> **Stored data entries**
━━━

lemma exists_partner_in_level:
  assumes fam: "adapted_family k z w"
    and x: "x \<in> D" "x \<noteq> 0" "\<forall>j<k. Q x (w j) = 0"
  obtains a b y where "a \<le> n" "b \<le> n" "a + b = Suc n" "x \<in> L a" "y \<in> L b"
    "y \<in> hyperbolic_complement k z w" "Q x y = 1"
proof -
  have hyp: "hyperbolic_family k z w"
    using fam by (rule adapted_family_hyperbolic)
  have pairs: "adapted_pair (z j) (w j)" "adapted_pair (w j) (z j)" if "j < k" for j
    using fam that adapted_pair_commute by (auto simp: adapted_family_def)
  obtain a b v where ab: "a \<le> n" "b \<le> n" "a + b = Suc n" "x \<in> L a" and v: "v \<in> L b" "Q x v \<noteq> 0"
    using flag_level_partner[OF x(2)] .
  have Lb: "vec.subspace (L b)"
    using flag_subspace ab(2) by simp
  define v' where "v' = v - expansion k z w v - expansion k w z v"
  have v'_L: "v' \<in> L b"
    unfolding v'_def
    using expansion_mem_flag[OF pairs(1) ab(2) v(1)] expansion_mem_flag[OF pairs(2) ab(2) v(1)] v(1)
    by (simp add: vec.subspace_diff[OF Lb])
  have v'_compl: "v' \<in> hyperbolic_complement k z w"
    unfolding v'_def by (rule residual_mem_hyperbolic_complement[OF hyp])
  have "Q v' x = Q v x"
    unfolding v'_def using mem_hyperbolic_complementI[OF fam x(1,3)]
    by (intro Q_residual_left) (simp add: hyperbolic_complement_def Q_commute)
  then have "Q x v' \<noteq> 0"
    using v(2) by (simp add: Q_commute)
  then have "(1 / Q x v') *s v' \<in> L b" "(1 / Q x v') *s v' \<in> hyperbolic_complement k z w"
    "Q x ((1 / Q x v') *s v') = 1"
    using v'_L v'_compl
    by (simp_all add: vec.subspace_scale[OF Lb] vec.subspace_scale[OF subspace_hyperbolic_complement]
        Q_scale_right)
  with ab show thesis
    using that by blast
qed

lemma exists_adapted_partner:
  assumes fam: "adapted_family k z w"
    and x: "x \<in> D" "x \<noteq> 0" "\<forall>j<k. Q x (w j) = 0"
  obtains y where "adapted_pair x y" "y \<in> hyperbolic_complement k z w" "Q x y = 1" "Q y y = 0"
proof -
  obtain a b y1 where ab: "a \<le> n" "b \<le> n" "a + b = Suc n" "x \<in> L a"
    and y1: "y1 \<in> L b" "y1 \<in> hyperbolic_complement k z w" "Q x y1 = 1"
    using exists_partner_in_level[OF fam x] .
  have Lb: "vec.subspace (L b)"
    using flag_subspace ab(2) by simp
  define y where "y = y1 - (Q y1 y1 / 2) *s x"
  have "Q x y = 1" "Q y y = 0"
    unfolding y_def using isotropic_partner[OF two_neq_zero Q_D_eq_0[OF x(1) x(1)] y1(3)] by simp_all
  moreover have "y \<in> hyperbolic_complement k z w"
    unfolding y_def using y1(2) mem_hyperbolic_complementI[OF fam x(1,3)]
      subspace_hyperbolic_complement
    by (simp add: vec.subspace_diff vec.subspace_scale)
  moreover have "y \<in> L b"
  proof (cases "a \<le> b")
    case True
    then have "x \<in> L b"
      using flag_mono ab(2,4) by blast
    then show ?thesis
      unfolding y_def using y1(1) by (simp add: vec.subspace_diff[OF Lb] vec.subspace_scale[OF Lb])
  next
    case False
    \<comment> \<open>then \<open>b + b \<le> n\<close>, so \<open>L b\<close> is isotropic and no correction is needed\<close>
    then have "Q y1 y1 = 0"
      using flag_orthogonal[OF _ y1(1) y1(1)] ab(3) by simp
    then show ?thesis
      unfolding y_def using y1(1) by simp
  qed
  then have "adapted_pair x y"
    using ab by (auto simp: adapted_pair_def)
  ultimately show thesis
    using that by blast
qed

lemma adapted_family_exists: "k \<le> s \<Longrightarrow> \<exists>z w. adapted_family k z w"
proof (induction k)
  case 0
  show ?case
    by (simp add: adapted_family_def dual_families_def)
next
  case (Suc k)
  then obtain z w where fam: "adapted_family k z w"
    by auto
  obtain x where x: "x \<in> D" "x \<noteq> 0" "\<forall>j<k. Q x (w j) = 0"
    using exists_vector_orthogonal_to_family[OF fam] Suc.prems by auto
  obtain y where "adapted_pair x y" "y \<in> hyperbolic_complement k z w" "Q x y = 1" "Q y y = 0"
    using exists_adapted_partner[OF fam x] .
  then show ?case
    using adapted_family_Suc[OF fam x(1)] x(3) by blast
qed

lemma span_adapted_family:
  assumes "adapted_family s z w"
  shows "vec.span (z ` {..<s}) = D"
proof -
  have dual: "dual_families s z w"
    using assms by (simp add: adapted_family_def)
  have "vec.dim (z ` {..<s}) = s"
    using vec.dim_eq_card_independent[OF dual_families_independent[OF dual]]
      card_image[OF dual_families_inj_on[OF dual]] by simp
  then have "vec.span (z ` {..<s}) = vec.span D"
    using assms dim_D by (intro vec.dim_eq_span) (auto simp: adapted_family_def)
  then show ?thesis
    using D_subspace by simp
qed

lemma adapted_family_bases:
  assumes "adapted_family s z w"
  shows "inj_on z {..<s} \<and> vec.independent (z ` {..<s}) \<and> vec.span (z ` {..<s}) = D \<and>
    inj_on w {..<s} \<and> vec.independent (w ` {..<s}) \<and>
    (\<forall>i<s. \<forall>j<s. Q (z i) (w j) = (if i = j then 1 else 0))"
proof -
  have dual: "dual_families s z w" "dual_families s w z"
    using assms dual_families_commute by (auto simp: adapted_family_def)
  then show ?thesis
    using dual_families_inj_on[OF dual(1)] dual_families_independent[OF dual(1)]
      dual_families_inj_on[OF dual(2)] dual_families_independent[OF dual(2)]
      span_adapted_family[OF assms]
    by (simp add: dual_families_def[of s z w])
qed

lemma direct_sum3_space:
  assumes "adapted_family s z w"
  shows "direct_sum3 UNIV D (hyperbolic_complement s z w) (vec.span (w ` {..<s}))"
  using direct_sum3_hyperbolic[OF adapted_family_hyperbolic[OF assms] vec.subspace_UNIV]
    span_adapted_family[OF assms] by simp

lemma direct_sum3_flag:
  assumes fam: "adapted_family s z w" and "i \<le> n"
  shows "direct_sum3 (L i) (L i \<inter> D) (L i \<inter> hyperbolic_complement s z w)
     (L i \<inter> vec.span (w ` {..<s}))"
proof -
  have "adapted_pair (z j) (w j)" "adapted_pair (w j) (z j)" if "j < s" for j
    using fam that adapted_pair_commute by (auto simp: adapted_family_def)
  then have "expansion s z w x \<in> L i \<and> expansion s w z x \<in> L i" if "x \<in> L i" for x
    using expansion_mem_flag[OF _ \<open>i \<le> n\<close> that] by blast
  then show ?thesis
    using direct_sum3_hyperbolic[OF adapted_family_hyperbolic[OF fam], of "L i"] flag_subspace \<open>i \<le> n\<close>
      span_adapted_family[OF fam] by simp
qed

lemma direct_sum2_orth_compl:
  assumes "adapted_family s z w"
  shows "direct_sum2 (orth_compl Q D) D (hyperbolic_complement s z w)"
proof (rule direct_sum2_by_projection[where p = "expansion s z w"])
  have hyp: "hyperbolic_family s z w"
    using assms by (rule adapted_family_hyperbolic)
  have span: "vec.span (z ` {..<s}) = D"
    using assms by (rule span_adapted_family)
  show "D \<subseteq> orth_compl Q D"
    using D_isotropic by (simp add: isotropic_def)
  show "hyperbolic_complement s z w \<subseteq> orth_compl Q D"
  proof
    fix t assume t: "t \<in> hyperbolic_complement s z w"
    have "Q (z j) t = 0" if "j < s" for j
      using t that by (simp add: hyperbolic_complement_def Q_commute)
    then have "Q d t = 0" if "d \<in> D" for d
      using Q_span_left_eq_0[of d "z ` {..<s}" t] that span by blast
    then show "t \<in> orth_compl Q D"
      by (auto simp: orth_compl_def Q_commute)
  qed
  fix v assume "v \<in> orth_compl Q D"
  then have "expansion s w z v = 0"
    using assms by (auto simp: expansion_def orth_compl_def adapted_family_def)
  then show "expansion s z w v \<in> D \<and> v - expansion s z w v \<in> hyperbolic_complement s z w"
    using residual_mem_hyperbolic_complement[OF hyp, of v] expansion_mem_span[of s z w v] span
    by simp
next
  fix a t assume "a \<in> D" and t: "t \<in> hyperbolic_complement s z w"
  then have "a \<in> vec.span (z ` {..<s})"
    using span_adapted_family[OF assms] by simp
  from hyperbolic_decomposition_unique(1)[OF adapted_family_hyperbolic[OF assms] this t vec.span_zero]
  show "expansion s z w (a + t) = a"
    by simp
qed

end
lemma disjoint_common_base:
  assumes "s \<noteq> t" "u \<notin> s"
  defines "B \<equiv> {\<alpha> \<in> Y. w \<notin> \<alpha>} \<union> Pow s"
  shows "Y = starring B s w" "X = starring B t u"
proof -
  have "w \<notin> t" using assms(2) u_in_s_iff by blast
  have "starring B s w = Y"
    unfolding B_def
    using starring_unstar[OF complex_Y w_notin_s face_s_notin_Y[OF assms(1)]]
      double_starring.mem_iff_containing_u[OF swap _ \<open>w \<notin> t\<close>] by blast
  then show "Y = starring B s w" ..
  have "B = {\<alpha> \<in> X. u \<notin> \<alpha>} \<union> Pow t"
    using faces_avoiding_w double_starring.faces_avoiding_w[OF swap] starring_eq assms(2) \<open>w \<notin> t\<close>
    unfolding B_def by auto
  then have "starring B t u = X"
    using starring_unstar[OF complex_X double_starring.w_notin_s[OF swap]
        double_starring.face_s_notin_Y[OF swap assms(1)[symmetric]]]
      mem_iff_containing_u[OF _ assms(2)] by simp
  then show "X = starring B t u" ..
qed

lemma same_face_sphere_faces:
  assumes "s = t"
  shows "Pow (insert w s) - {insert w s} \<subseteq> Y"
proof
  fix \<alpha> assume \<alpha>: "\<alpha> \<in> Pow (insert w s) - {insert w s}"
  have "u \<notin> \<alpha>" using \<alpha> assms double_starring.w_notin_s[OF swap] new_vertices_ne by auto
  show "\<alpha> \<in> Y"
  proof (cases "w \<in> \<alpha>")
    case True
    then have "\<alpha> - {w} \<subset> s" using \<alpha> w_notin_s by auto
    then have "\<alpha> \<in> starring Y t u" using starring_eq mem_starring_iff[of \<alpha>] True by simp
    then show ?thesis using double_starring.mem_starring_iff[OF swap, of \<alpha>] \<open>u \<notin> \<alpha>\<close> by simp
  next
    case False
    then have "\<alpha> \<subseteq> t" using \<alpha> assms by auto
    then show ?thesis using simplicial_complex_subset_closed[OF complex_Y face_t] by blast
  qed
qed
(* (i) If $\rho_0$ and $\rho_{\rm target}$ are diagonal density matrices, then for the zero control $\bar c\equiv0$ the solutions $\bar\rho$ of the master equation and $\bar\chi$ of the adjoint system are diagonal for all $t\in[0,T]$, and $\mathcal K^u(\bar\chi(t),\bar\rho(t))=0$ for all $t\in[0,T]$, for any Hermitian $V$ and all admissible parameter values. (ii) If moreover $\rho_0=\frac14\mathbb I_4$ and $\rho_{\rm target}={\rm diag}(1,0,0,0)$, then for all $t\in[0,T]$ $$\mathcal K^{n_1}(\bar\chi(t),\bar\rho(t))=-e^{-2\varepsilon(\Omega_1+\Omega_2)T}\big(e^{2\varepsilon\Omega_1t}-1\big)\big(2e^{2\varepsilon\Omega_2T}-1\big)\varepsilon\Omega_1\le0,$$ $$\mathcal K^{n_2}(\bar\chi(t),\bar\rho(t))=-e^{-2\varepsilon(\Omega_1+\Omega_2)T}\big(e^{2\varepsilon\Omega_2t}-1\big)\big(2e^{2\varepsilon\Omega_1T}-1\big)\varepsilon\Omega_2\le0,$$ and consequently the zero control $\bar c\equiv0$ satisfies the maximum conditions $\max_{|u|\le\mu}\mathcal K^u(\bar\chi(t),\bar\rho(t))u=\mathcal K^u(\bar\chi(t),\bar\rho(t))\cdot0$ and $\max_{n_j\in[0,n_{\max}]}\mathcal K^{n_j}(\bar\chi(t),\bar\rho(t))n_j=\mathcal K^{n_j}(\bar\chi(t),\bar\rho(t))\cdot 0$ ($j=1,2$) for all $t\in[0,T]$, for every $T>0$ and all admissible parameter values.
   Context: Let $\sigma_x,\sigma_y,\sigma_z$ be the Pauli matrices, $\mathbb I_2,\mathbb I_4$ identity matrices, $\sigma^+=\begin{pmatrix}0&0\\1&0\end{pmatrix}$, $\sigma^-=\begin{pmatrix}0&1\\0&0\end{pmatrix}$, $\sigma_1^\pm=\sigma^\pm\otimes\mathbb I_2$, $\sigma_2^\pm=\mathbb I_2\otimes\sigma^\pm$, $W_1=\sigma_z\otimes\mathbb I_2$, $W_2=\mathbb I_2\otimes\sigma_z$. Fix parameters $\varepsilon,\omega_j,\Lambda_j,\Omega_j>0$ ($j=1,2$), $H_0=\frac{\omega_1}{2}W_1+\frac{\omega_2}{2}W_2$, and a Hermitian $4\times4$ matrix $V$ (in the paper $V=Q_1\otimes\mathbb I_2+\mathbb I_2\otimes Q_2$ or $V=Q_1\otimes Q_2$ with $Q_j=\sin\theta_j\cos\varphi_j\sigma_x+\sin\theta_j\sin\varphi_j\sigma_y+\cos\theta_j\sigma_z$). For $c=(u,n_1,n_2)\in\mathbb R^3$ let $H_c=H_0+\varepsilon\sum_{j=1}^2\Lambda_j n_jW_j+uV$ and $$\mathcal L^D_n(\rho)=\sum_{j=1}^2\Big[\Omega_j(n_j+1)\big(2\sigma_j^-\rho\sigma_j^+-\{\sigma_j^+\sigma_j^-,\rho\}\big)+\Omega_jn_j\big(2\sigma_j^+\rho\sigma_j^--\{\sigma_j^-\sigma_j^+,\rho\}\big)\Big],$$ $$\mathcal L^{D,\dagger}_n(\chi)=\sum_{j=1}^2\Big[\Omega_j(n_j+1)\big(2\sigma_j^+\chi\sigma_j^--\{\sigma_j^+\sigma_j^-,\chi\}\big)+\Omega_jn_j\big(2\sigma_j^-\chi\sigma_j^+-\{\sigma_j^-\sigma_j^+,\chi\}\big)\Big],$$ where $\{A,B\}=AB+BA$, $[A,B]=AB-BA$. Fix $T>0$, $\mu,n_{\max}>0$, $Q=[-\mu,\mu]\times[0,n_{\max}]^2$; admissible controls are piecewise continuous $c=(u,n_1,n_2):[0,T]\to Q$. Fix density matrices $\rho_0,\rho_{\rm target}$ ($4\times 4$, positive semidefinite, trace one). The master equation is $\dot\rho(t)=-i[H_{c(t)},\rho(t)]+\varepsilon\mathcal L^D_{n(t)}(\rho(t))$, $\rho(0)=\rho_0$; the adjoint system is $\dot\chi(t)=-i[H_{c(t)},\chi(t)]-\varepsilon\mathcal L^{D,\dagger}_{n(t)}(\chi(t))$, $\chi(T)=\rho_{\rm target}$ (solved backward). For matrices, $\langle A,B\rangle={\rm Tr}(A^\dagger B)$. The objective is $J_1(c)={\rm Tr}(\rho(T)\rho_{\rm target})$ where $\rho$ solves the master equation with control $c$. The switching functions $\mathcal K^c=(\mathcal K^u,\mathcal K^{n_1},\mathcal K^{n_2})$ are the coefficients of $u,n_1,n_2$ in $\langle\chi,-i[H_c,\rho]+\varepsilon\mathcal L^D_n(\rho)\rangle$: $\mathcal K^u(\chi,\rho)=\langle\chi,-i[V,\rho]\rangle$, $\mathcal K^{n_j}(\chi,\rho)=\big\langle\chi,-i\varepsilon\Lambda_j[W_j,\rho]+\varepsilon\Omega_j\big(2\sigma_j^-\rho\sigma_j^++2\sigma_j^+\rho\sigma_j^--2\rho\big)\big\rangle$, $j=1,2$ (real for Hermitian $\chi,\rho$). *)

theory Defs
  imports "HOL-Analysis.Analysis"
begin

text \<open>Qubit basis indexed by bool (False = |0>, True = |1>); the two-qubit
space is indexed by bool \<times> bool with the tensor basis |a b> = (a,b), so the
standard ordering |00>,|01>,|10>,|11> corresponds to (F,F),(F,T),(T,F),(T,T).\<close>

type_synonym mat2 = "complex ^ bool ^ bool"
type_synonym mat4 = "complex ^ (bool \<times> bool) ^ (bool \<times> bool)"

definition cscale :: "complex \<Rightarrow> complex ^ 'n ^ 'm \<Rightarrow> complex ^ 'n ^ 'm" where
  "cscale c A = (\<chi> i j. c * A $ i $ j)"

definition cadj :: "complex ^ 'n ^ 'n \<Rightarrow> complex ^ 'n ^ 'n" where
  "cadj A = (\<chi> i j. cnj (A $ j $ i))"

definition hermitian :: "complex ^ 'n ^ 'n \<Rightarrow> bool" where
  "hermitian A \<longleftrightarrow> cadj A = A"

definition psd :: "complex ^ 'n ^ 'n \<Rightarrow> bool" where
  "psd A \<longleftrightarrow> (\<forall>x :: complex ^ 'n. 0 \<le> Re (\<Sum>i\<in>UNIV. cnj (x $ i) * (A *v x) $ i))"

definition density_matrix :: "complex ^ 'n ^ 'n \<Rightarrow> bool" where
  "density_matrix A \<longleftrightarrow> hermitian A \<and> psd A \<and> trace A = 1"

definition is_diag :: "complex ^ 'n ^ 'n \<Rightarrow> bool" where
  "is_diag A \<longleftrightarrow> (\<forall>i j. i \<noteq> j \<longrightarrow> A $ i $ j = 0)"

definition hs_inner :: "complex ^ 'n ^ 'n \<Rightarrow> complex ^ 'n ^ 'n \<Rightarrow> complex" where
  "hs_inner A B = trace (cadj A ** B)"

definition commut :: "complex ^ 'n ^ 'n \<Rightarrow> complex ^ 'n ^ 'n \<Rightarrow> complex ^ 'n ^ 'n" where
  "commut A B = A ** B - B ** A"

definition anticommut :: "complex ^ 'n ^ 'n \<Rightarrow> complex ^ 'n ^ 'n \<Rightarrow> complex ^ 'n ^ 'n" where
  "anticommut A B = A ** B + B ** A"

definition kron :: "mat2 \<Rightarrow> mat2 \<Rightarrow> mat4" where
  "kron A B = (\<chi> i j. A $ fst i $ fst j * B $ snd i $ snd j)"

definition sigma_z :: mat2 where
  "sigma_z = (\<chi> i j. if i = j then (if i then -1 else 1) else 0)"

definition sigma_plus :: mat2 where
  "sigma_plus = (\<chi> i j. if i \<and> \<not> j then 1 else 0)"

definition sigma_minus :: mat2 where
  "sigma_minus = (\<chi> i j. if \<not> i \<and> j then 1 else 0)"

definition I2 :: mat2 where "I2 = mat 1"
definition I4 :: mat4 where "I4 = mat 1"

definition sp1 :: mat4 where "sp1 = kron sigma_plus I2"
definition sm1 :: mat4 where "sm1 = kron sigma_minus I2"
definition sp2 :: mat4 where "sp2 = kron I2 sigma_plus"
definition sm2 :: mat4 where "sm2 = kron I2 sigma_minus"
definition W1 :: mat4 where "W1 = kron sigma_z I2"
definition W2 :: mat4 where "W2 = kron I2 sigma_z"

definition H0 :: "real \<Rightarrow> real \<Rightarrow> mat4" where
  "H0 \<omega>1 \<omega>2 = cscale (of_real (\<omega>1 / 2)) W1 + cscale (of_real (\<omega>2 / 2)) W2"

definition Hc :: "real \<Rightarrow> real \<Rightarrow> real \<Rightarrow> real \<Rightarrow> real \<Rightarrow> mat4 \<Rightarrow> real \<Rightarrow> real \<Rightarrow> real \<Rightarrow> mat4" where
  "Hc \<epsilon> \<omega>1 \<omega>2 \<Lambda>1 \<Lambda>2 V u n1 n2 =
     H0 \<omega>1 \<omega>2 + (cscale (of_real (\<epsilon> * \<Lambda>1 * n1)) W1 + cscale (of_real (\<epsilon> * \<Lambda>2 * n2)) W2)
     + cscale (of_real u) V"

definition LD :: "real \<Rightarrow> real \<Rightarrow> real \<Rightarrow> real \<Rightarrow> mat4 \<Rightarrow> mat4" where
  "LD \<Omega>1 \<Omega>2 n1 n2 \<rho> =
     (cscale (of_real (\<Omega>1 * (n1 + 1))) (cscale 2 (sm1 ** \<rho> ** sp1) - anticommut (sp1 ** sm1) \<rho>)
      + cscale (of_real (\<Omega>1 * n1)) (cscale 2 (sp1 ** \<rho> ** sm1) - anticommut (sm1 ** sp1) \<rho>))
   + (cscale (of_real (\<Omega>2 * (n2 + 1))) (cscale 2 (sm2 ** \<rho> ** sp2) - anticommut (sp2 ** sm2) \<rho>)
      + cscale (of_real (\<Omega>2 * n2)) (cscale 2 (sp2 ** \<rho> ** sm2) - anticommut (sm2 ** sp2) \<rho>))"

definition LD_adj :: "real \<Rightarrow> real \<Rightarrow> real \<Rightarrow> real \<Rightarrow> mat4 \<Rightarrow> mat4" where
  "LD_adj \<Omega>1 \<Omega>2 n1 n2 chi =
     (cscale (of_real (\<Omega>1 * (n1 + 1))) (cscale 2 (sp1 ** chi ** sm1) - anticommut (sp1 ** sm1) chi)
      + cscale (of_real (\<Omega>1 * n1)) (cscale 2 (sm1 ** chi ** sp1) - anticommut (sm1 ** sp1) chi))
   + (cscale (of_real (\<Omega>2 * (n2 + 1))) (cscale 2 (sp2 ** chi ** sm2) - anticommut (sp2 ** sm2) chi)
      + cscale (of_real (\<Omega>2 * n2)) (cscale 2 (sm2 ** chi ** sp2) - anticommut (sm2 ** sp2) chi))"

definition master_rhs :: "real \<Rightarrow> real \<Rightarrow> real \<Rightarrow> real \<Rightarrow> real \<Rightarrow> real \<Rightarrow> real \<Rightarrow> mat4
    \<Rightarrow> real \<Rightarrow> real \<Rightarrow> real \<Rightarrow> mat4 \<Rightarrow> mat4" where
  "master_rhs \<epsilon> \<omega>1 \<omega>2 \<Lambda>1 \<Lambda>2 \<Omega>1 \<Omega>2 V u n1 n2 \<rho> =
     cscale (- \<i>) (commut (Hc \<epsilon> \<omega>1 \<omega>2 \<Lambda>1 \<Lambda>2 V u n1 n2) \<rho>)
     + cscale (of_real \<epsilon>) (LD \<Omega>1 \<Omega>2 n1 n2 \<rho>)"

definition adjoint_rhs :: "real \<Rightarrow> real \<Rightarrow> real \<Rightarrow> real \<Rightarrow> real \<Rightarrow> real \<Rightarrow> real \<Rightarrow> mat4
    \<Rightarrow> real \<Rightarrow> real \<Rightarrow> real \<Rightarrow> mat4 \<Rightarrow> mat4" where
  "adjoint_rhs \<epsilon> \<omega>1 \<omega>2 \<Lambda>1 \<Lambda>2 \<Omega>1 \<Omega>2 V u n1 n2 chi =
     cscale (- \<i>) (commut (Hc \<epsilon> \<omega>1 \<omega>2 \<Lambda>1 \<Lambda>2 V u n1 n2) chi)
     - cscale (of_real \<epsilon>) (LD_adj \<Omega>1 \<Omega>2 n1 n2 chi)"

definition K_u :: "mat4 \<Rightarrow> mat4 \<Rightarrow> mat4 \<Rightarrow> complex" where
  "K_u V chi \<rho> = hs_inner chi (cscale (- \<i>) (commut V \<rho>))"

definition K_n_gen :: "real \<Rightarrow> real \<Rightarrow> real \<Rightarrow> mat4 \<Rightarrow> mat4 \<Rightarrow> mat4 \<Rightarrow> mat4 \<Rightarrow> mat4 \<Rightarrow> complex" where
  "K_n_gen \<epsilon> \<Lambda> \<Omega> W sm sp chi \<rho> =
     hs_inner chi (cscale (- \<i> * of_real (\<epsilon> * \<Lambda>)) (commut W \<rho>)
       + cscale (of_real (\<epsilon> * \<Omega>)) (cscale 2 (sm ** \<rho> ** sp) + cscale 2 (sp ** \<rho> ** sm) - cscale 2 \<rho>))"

━━━

> **YOUR GOAL**
Which lines in the data above hold the word "unfolding"? Return each of them.

> **RESULT OF THIS EXERCISE**
    unfolding v'_def
    unfolding v'_def by (rule residual_mem_hyperbolic_complement[OF hyp])
    unfolding v'_def using mem_hyperbolic_complementI[OF fam x(1,3)]
    unfolding y_def using isotropic_partner[OF two_neq_zero Q_D_eq_0[OF x(1) x(1)] y1(3)] by simp_all
    unfolding y_def using y1(2) mem_hyperbolic_complementI[OF fam x(1,3)]
      unfolding y_def using y1(1) by (simp add: vec.subspace_diff[OF Lb] vec.subspace_scale[OF Lb])
      unfolding y_def using y1(1) by simp
    unfolding B_def
    unfolding B_def by auto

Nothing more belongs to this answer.